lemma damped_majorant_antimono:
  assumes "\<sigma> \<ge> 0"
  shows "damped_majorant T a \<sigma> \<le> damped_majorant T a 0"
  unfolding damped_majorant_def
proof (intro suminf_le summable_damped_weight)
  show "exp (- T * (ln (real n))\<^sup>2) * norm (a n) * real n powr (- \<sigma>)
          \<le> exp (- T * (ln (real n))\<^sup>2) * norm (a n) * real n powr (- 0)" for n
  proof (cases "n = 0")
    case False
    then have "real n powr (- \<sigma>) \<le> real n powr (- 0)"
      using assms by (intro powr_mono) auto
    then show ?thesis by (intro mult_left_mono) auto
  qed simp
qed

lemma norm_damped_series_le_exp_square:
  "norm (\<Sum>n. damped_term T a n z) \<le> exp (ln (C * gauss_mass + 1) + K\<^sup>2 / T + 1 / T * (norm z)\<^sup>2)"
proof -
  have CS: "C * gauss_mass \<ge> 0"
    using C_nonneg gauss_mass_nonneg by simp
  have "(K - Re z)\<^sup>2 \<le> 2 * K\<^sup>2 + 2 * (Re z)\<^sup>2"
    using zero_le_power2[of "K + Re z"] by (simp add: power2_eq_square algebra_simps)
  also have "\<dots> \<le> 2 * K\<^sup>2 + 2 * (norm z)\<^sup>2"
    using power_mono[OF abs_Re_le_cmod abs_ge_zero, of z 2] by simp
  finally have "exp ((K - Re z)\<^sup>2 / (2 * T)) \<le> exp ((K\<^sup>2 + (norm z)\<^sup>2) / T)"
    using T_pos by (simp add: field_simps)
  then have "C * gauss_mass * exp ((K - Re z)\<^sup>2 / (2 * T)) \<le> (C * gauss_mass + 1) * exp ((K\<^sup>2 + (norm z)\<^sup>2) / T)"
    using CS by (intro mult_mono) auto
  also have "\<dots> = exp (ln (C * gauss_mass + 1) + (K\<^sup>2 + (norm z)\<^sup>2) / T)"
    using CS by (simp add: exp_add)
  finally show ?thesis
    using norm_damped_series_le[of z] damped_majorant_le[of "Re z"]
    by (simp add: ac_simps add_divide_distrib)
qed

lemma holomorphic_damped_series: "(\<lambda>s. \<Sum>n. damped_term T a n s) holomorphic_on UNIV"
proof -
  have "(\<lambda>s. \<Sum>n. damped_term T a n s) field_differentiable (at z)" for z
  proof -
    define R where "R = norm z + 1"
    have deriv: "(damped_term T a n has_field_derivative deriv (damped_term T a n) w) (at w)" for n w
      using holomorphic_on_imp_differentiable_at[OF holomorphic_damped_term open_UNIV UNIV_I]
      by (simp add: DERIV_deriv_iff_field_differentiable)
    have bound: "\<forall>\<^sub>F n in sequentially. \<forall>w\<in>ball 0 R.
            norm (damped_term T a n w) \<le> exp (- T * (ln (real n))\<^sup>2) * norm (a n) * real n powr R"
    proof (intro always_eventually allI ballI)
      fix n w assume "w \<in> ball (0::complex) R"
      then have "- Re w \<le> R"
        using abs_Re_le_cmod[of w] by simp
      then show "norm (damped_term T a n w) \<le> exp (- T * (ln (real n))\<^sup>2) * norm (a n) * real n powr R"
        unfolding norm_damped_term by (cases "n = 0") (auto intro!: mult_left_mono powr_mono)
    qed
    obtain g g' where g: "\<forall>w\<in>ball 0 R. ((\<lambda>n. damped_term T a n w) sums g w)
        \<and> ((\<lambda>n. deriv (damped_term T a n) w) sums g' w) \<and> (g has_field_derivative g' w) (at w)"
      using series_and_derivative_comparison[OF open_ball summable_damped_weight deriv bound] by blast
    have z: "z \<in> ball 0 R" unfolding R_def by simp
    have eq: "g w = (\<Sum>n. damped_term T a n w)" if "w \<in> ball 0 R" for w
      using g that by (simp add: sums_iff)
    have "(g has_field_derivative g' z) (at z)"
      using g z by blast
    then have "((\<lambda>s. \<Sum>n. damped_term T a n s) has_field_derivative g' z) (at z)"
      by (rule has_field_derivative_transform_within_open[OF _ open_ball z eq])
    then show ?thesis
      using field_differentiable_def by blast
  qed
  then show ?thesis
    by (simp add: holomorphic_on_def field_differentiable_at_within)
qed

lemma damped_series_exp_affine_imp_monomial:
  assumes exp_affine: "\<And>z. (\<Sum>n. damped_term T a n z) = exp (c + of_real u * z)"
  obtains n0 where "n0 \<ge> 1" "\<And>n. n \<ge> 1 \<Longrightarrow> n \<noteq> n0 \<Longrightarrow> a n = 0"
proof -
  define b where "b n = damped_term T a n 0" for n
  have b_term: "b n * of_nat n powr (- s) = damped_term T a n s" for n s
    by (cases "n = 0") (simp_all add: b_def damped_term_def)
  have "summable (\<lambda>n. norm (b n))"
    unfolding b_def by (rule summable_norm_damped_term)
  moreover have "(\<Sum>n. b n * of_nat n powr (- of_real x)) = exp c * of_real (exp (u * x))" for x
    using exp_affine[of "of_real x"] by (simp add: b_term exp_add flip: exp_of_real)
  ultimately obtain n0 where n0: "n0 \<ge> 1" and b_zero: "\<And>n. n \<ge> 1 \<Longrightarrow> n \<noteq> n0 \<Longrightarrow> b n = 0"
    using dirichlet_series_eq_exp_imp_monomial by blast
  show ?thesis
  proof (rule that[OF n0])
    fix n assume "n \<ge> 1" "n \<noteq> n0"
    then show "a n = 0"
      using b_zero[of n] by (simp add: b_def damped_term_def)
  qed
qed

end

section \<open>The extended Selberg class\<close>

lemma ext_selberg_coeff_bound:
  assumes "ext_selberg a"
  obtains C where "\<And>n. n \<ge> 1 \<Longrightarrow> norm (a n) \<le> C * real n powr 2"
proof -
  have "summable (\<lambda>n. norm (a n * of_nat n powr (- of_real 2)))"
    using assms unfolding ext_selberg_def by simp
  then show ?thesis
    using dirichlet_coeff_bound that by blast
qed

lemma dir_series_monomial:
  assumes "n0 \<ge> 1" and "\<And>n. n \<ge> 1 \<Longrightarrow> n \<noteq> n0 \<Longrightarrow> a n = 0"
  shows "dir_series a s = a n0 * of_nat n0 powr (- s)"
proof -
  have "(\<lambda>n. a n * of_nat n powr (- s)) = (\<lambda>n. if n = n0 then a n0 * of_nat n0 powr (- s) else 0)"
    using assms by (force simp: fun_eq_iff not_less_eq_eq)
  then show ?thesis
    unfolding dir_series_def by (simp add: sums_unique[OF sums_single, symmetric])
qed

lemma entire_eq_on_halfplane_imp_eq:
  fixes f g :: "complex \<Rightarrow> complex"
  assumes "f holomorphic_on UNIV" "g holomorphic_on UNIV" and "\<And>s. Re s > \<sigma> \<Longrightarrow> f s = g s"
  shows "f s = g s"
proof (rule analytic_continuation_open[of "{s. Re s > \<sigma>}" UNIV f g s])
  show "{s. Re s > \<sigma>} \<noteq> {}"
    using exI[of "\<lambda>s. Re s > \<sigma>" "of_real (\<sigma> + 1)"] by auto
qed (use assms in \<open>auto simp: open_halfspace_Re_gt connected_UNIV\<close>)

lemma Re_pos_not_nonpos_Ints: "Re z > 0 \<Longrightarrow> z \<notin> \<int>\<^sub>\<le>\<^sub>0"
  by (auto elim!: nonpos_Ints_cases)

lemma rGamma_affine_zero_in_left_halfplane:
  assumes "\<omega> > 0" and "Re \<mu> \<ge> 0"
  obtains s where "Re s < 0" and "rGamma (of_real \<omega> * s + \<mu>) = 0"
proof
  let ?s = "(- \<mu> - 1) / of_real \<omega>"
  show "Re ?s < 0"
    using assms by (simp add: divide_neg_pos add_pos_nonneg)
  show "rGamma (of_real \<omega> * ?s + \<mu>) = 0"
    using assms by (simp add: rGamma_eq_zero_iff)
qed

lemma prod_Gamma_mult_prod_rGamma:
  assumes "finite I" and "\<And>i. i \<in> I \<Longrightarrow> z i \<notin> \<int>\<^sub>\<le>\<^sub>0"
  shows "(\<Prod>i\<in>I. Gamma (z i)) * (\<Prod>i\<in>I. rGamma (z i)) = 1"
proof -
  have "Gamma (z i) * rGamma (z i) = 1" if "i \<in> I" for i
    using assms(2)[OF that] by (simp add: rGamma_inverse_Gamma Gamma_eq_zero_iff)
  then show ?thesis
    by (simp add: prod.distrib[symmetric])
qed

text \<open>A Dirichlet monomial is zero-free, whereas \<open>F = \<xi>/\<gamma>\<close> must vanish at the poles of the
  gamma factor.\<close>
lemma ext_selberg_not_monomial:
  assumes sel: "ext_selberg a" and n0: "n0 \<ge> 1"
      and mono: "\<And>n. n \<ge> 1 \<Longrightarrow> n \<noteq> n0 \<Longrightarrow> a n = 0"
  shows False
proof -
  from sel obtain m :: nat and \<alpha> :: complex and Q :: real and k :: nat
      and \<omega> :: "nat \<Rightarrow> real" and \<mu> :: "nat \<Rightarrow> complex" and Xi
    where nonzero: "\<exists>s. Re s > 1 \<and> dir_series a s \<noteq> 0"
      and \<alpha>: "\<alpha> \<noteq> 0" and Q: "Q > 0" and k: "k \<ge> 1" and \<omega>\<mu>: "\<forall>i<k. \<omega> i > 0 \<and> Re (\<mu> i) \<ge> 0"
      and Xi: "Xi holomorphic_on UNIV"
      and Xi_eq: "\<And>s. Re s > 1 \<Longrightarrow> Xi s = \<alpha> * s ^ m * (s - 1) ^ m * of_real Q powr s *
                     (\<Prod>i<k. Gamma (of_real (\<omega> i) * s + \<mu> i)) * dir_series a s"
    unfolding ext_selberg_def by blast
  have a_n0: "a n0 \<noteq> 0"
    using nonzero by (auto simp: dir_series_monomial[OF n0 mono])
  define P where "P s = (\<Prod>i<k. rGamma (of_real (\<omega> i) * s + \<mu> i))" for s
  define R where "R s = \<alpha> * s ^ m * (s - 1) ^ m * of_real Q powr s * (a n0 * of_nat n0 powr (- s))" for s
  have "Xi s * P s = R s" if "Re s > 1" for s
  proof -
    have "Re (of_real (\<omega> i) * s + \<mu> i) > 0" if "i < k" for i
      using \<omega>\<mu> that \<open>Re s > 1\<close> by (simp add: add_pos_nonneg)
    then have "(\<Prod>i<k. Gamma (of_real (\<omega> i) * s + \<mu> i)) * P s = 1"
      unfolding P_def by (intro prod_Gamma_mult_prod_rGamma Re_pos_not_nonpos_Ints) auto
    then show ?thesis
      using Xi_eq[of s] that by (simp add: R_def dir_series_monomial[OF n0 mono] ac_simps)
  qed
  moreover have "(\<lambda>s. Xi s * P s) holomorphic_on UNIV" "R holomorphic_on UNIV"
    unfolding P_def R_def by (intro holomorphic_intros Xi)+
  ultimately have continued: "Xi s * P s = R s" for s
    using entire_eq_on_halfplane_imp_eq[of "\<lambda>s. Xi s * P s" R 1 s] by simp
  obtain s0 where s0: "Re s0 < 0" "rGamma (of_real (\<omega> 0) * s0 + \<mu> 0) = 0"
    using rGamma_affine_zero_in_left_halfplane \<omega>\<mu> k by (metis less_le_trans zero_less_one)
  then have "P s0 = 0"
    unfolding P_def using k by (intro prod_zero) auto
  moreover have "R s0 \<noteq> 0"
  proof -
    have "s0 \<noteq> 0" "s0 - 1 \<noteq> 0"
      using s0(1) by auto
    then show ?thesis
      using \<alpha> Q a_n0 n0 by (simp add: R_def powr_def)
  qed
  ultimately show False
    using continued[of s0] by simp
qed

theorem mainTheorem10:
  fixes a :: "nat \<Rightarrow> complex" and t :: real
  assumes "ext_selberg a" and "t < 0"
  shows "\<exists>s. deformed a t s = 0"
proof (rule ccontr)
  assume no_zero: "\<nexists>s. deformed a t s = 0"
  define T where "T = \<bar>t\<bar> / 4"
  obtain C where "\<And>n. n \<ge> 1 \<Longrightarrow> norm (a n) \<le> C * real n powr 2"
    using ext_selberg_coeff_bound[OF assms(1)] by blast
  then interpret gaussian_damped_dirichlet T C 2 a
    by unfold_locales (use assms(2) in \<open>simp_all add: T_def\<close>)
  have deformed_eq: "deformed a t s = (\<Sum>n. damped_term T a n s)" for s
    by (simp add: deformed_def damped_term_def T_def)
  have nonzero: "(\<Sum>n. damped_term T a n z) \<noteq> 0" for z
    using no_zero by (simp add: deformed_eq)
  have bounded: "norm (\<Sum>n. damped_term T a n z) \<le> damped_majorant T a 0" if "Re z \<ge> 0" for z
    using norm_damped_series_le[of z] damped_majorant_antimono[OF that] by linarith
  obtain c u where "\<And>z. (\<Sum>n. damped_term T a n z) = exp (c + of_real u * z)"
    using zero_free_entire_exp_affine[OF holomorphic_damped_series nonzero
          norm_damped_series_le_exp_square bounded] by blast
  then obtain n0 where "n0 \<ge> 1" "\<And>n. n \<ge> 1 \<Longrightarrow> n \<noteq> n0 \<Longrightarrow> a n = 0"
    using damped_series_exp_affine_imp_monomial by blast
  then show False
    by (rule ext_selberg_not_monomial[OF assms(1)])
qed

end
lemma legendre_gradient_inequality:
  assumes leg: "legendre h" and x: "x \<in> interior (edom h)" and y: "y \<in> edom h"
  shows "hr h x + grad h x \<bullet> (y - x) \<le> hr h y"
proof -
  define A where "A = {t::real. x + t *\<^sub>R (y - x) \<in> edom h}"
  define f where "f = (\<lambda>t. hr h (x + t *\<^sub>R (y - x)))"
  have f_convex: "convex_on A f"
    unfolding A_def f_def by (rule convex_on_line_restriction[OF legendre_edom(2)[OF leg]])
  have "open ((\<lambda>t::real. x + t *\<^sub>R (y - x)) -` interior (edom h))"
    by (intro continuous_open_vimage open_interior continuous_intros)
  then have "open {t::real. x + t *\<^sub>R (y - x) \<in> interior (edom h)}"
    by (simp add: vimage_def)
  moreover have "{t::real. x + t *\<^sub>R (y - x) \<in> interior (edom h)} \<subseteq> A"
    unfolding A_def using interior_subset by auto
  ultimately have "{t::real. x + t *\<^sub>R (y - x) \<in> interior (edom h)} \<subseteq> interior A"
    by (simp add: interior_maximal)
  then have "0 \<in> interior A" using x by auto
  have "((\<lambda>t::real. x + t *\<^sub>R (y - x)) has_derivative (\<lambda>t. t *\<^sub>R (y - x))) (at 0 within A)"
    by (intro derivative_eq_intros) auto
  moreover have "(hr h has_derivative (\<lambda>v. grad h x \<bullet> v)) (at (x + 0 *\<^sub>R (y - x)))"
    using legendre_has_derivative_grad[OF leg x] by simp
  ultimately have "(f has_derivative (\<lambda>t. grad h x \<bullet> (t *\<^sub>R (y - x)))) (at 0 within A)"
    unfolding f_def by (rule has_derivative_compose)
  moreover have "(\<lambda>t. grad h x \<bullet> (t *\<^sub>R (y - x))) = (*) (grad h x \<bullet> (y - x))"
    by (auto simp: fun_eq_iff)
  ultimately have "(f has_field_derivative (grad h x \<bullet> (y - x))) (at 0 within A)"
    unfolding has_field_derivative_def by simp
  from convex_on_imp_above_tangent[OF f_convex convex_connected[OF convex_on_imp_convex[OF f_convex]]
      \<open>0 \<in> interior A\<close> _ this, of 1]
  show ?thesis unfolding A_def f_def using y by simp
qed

--- --- ---

* Problem details:
Please report how many lines of the material above contain the string "symmetric", with no other words.

* Problem solution:
2